If this situation is not served properly and proactively, NPLs can impose serious impact both over the banking sector as well as the overall economy of the country. These loans have the potential to adversely affect the profitability level of the bank, capital requirements, and credit ratings which will eventually result in restrained lending measures and worsening liquidity conditions.

The ratio of non-performing loans in Qatar remained at 2% in the year 2015 as compared to 1.7% in 2014. The data pertaining NPLs reaches an all-time high in 2002 with 11.1% along with a record low rate of 1.2% in 2008 (Anderlik, Brown and Fritzdixon, 2015).

Qatar’s Non-Performing Loans Ratio from 2000 to 2015 in the chart:

Source: Qatar Central Bank, 2015

Changing Dynamics – Determinants of non-performing loans in Qatar

Lack of business knowledge

Knowledge management is a modern management concept that has now become a very important factor for the successful management of any business (Dalkir and Beaulieu, 2017). This eventually renders knowledge to be a valuable strategic asset. For SMEs, knowledge management can be particularly related to the process through which the institution finds, collects, acquires, and makes use of knowledge to support and improve the overall performance (Mahdi, Almsafir, and Yao, 2011). The success in this factor is an indicator of the institution’s success.

Usually, businesses that hold significant and lengthy track records carry sufficient knowledge about the business and industry at large. Businesses that lack a particular amount of credibility and success will eventually fail in repaying loans. In Qatar, 96% of the registered private sector in Qatar is categorized as SMEs (CIDA, 2003). Many times, businesses fail to do an extensive study over the type of business they want to enter prior to entering it.
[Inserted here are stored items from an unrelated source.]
(* Let $G$ be a simple connected graph with $n$ vertices $v_1,\dots,v_n$ and $m$ edges, let $d_i$ denote the degree of $v_i$, and let $\Delta=\max_{1\le i\le n} d_i$. Then $$\rho_{ABC}(G)\le \sqrt{\Delta+\frac{2m-n+1}{\Delta}-2}.$$ Moreover, the bound is attainable, i.e., there exist connected graphs for which equality holds.
   Context: For a simple connected graph $G$ with vertex set $\{v_1,\dots,v_n\}$ and degrees $d_i$, the ABC matrix is $M(G)=(m_{ij})_{n\times n}$ with $m_{ij}=\sqrt{(d_i+d_j-2)/(d_id_j)}$ if $v_iv_j$ is an edge and $m_{ij}=0$ otherwise. The ABC spectral radius $\rho_{ABC}(G)$ is the largest eigenvalue of $M(G)$. *)

theory Defs
  imports Complex_Main
begin

definition simple_graph :: "'a set \<Rightarrow> ('a \<Rightarrow> 'a \<Rightarrow> bool) \<Rightarrow> bool" where
  "simple_graph V E \<longleftrightarrow> finite V \<and>
     (\<forall>u v. E u v \<longrightarrow> u \<in> V \<and> v \<in> V) \<and>
     (\<forall>u v. E u v \<longrightarrow> E v u) \<and> (\<forall>u. \<not> E u u)"

definition connected_graph :: "'a set \<Rightarrow> ('a \<Rightarrow> 'a \<Rightarrow> bool) \<Rightarrow> bool" where
  "connected_graph V E \<longleftrightarrow> simple_graph V E \<and> V \<noteq> {} \<and>
     (\<forall>u\<in>V. \<forall>v\<in>V. E\<^sup>*\<^sup>* u v)"

definition degree :: "'a set \<Rightarrow> ('a \<Rightarrow> 'a \<Rightarrow> bool) \<Rightarrow> 'a \<Rightarrow> nat" where
  "degree V E v = card {u \<in> V. E v u}"

definition num_edges :: "'a set \<Rightarrow> ('a \<Rightarrow> 'a \<Rightarrow> bool) \<Rightarrow> nat" where
  "num_edges V E = card {{u, v} | u v. u \<in> V \<and> v \<in> V \<and> E u v}"

definition max_degree :: "'a set \<Rightarrow> ('a \<Rightarrow> 'a \<Rightarrow> bool) \<Rightarrow> nat" where
  "max_degree V E = Max (degree V E ` V)"

definition ABC_matrix :: "'a set \<Rightarrow> ('a \<Rightarrow> 'a \<Rightarrow> bool) \<Rightarrow> 'a \<Rightarrow> 'a \<Rightarrow> real" where
  "ABC_matrix V E u v =
     (if E u v then
        sqrt ((real (degree V E u) + real (degree V E v) - 2) /
              (real (degree V E u) * real (degree V E v)))
      else 0)"

definition is_eigenvalue :: "'a set \<Rightarrow> ('a \<Rightarrow> 'a \<Rightarrow> real) \<Rightarrow> real \<Rightarrow> bool" where
  "is_eigenvalue V A mu \<longleftrightarrow> (\<exists>x :: 'a \<Rightarrow> real. (\<exists>i\<in>V. x i \<noteq> 0) \<and>
      (\<forall>i\<in>V. (\<Sum>j\<in>V. A i j * x j) = mu * x i))"

text \<open>Largest eigenvalue (the ABC matrix is real symmetric, so all eigenvalues are real).\<close>
definition ABC_spectral_radius :: "'a set \<Rightarrow> ('a \<Rightarrow> 'a \<Rightarrow> bool) \<Rightarrow> real" where
  "ABC_spectral_radius V E = Max {mu. is_eigenvalue V (ABC_matrix V E) mu}"

end

theory Submission
  imports Defs "Jordan_Normal_Form.Spectral_Radius" "HOL-Analysis.Convex"
begin

text \<open>Cauchy-Schwarz on the row of u gives
  (mu x_u)^2 <= d_u * sum_{w~u} m_uw^2 x_w^2; summing over u and exchanging the two sums
  shows that mu^2 is at most the largest column sum sum_{u~w} d_u m_uw^2.
  For the ABC matrix d_u m_uw^2 = (d_u + d_w - 2) / d_w, so the column sum of w is
  S_w / d_w + d_w - 2, where S_w, the sum of the degrees of the neighbours of w, is at most
  both d_w Delta and 2m - n + 1 (all other vertices have degree at least 1); for
  1 <= d_w <= Delta this is at most Delta + (2m - n + 1) / Delta - 2.
  The complete graph K_n attains the bound: the all-ones vector is an eigenvector for
  sqrt (2n - 4), which is also the value of the bound.\<close>

lemma eigenvalue_mat_reindex_iff:
  fixes M :: "'a \<Rightarrow> 'a \<Rightarrow> 'b::field"
  assumes f: "bij_betw f {..<n} V"
  shows "eigenvalue (mat n n (\<lambda>(i, j). M (f i) (f j))) mu \<longleftrightarrow>
    (\<exists>x. (\<exists>i\<in>V. x i \<noteq> 0) \<and> (\<forall>i\<in>V. (\<Sum>j\<in>V. M i j * x j) = mu * x i))"
proof -
  define A where "A = mat n n (\<lambda>(i, j). M (f i) (f j))"
  define vec_of where "vec_of x = vec n (x \<circ> f)" for x :: "'a \<Rightarrow> 'b"
  have carrier: "carrier_vec n = range vec_of"
  proof (intro subset_antisym subsetI)
    fix v :: "'b vec" assume v: "v \<in> carrier_vec n"
    have "v = vec_of (\<lambda>u. v $ inv_into {..<n} f u)"
      using v f by (intro eq_vecI) (auto simp: vec_of_def bij_betw_inv_into_left)
    then show "v \<in> range vec_of" by blast
  qed (auto simp: vec_of_def)
  have nonzero: "vec_of x \<noteq> 0\<^sub>v n \<longleftrightarrow> (\<exists>i\<in>V. x i \<noteq> 0)" for x
    using f by (auto simp: vec_of_def vec_eq_iff bij_betw_def)
  have "(A *\<^sub>v vec_of x) $ i = (\<Sum>j\<in>V. M (f i) j * x j)" if "i < n" for x i
    using that sum.reindex_bij_betw[OF f, of "\<lambda>j. M (f i) j * x j"]
    by (simp add: A_def vec_of_def scalar_prod_def lessThan_atLeast0)
  then have eq: "A *\<^sub>v vec_of x = mu \<cdot>\<^sub>v vec_of x \<longleftrightarrow> (\<forall>i\<in>V. (\<Sum>j\<in>V. M i j * x j) = mu * x i)" for x
    using f by (auto simp: vec_eq_iff vec_of_def A_def bij_betw_def)
  have "eigenvalue A mu \<longleftrightarrow> (\<exists>v\<in>range vec_of. v \<noteq> 0\<^sub>v n \<and> A *\<^sub>v v = mu \<cdot>\<^sub>v v)"
    unfolding eigenvalue_def eigenvector_def carrier[symmetric] by (auto simp: A_def)
  then show ?thesis
    unfolding A_def[symmetric] by (auto simp: nonzero eq)
qed

lemma finite_eigenvalues:
  assumes "finite V"
  shows "finite {mu. is_eigenvalue V M mu}"
proof -
  obtain f where f: "bij_betw f {..<card V} V"
    using ex_bij_betw_nat_finite[OF assms] by (auto simp: lessThan_atLeast0)
  have "{mu. is_eigenvalue V M mu} = spectrum (mat (card V) (card V) (\<lambda>(i, j). M (f i) (f j)))"
    unfolding spectrum_def is_eigenvalue_def eigenvalue_mat_reindex_iff[OF f] by simp
  then show ?thesis
    using card_finite_spectrum(1) by (metis mat_carrier)
qed

lemma symmetric_eigenvalue_real:
  fixes M :: "'a \<Rightarrow> 'a \<Rightarrow> real"
  assumes "finite V" and sym: "\<And>i j. M i j = M j i"
    and nonzero: "\<exists>i\<in>V. z i \<noteq> 0"
    and ev: "\<forall>i\<in>V. (\<Sum>j\<in>V. of_real (M i j) * z j) = lam * z i"
  shows "Im lam = 0"
proof -
  txt \<open>The form \<open>Q = z\<^sup>* M z\<close> is \<open>lam |z|\<^sup>2\<close> and, M being real symmetric, its own conjugate.\<close>
  define Q where "Q = (\<Sum>i\<in>V. \<Sum>j\<in>V. cnj (z i) * (of_real (M i j) * z j))"
  define R where "R = (\<Sum>i\<in>V. (cmod (z i))\<^sup>2)"
  have "Q = (\<Sum>i\<in>V. cnj (z i) * (lam * z i))"
    unfolding Q_def using ev by (intro sum.cong refl) (metis sum_distrib_left)
  also have "\<dots> = lam * of_real R"
    unfolding R_def of_real_sum sum_distrib_left
    by (intro sum.cong refl) (simp add: complex_norm_square mult.commute del: of_real_power)
  finally have Q_eq: "Q = lam * of_real R" .
  have "cnj Q = (\<Sum>i\<in>V. \<Sum>j\<in>V. cnj (z j) * (of_real (M j i) * z i))"
    unfolding Q_def cnj_sum by (intro sum.cong refl) (simp add: sym mult.commute mult.left_commute)
  also have "\<dots> = Q"
    unfolding Q_def by (rule sum.swap)
  finally have "cnj lam * of_real R = lam * of_real R"
    using Q_eq by simp
  moreover have "R > 0"
  proof -
    obtain i where "i \<in> V" "z i \<noteq> 0" using nonzero by blast
    then have "(cmod (z i))\<^sup>2 \<le> R" "(cmod (z i))\<^sup>2 > 0"
      unfolding R_def using assms(1) by (auto intro: member_le_sum)
    then show ?thesis by linarith
  qed
  ultimately have "cnj lam = lam" by simp
  then show ?thesis by (simp add: complex_eq_iff)
qed

lemma symmetric_has_eigenvalue:
  fixes M :: "'a \<Rightarrow> 'a \<Rightarrow> real"
  assumes fin: "finite V" and "V \<noteq> {}" and sym: "\<And>i j. M i j = M j i"
  shows "\<exists>mu. is_eigenvalue V M mu"
proof -
  obtain f where f: "bij_betw f {..<card V} V"
    using ex_bij_betw_nat_finite[OF fin] by (auto simp: lessThan_atLeast0)
  define A where "A = mat (card V) (card V) (\<lambda>(i, j). complex_of_real (M (f i) (f j)))"
  have "spectrum A \<noteq> {}"
    using assms(1,2) by (intro spectrum_non_empty[of _ "card V"]) (simp_all add: A_def card_gt_0_iff)
  then obtain lam where "eigenvalue A lam"
    unfolding spectrum_def by blast
  then obtain z where nonzero: "\<exists>i\<in>V. z i \<noteq> 0"
    and ev: "\<forall>i\<in>V. (\<Sum>j\<in>V. of_real (M i j) * z j) = lam * z i"
    using eigenvalue_mat_reindex_iff[OF f, of "\<lambda>i j. complex_of_real (M i j)" lam]
    unfolding A_def by blast
  have "Im lam = 0"
    using symmetric_eigenvalue_real[OF fin sym nonzero ev] .
  have re: "(\<Sum>j\<in>V. M i j * Re (z j)) = Re lam * Re (z i)"
    and im: "(\<Sum>j\<in>V. M i j * Im (z j)) = Re lam * Im (z i)" if "i \<in> V" for i
  proof -
    have "(\<Sum>j\<in>V. of_real (M i j) * z j) = lam * z i"
      using ev that by blast
    from arg_cong[OF this, of Re] arg_cong[OF this, of Im]
    show "(\<Sum>j\<in>V. M i j * Re (z j)) = Re lam * Re (z i)"
      and "(\<Sum>j\<in>V. M i j * Im (z j)) = Re lam * Im (z i)"
      using \<open>Im lam = 0\<close> by simp_all
  qed
  obtain i where "i \<in> V" and "Re (z i) \<noteq> 0 \<or> Im (z i) \<noteq> 0"
    using nonzero by (auto simp: complex_eq_iff)
  have eigenvector: "is_eigenvalue V M (Re lam)"
    if "\<And>i. i \<in> V \<Longrightarrow> (\<Sum>j\<in>V. M i j * x j) = Re lam * x i" and "x i \<noteq> 0" for x
    unfolding is_eigenvalue_def using that \<open>i \<in> V\<close> by blast
  show ?thesis
    using eigenvector[of "\<lambda>j. Re (z j)"] eigenvector[of "\<lambda>j. Im (z j)"] re im
      \<open>Re (z i) \<noteq> 0 \<or> Im (z i) \<noteq> 0\<close> by blast
qed

lemma is_eigenvalue_square_le:
  fixes M :: "'a \<Rightarrow> 'a \<Rightarrow> real"
  assumes fin: "finite V"
    and support: "\<And>u w. u \<in> V \<Longrightarrow> w \<in> V \<Longrightarrow> M u w \<noteq> 0 \<Longrightarrow> E u w"
    and column: "\<And>w. w \<in> V \<Longrightarrow> (\<Sum>u\<in>{u\<in>V. E u w}. real (Defs.degree V E u) * (M u w)\<^sup>2) \<le> B"
    and "is_eigenvalue V M mu"
  shows "mu\<^sup>2 \<le> B"
proof -
  obtain x where nonzero: "\<exists>i\<in>V. x i \<noteq> 0"
    and ev: "\<And>i. i \<in> V \<Longrightarrow> (\<Sum>j\<in>V. M i j * x j) = mu * x i"
    using \<open>is_eigenvalue V M mu\<close> unfolding is_eigenvalue_def by blast
  define N where "N u = {w\<in>V. E u w}" for u
  have row: "(mu * x u)\<^sup>2 \<le> (\<Sum>w\<in>N u. real (Defs.degree V E u) * (M u w)\<^sup>2 * (x w)\<^sup>2)"
    if "u \<in> V" for u
  proof -
    have "(\<Sum>j\<in>V. M u j * x j) = (\<Sum>w\<in>N u. M u w * x w)"
      unfolding N_def using fin support[OF that] by (intro sum.mono_neutral_right) auto
    then have "(mu * x u)\<^sup>2 = (\<Sum>w\<in>N u. M u w * x w)\<^sup>2"
      using ev[OF that] by simp
    also have "\<dots> \<le> (\<Sum>w\<in>N u. (M u w * x w)\<^sup>2) * card (N u)"
      by (rule sum_squared_le_sum_of_squares)
    finally show ?thesis
      by (simp add: N_def Defs.degree_def sum_distrib_left power_mult_distrib mult.commute mult.left_commute)
  qed
  have "mu\<^sup>2 * (\<Sum>u\<in>V. (x u)\<^sup>2) = (\<Sum>u\<in>V. (mu * x u)\<^sup>2)"
    by (simp add: sum_distrib_left power_mult_distrib)
  also have "\<dots> \<le> (\<Sum>u\<in>V. \<Sum>w\<in>N u. real (Defs.degree V E u) * (M u w)\<^sup>2 * (x w)\<^sup>2)"
    using row by (rule sum_mono)
  also have "\<dots> = (\<Sum>w\<in>V. \<Sum>u\<in>{u\<in>V. E u w}. real (Defs.degree V E u) * (M u w)\<^sup>2 * (x w)\<^sup>2)"
    unfolding N_def by (rule sum.swap_restrict[OF fin fin])
  also have "\<dots> = (\<Sum>w\<in>V. (\<Sum>u\<in>{u\<in>V. E u w}. real (Defs.degree V E u) * (M u w)\<^sup>2) * (x w)\<^sup>2)"
    by (simp only: sum_distrib_right)
  also have "\<dots> \<le> (\<Sum>w\<in>V. B * (x w)\<^sup>2)"
    using column by (intro sum_mono mult_right_mono) auto
  finally have "mu\<^sup>2 * (\<Sum>u\<in>V. (x u)\<^sup>2) \<le> B * (\<Sum>u\<in>V. (x u)\<^sup>2)"
    by (simp add: sum_distrib_left)
  moreover have "(\<Sum>u\<in>V. (x u)\<^sup>2) > 0"
    using nonzero fin by (auto intro: sum_pos2)
  ultimately show ?thesis by simp
qed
Mostly, entrepreneurs enter a particular business domain by looking high earnings of people in their social gatherings. Based on the assumption of generating good revenues, entrepreneurs enter the same domain without having any knowledge about it. The income generated from the business is not enough to pay back the loan amount leading to defaulting on the loan. Based upon this literature, the following relationship is expected.

H1: Lack of business knowledge has a considerable impact on non-performing loans

Lack of managerial skills

Business literature has highly acknowledged the importance of managerial skills to be an essential construct for the performance of a firm (Shaikh et al., 2017; Wijaya & Irianto, 2018). The resource-based view (RBV) presented by Wernerfelt (1984) states that managerial skills are the basis of the firm’s better performance along with it being competitive. Managerial skills are that resource of any firm which drives growth and sustainability along with improving competitive advantage through efficient resource utilization and cost reduction (Smith, 2010).

Businesses that fail to have a noticeable chain of command will eventually fail in loan repayments since it fails to bring up the organizational integrity and longer-term success of the business (Sheppard and Chowdhury, 2005). Poor managerial skills can also result in failure to address business needs by a well-formulated business plan so that they can meet market demands and face challenges effectively. In several instances, the owner of the business is the only senior person in the company, especially when a business is in its initial stages of operation.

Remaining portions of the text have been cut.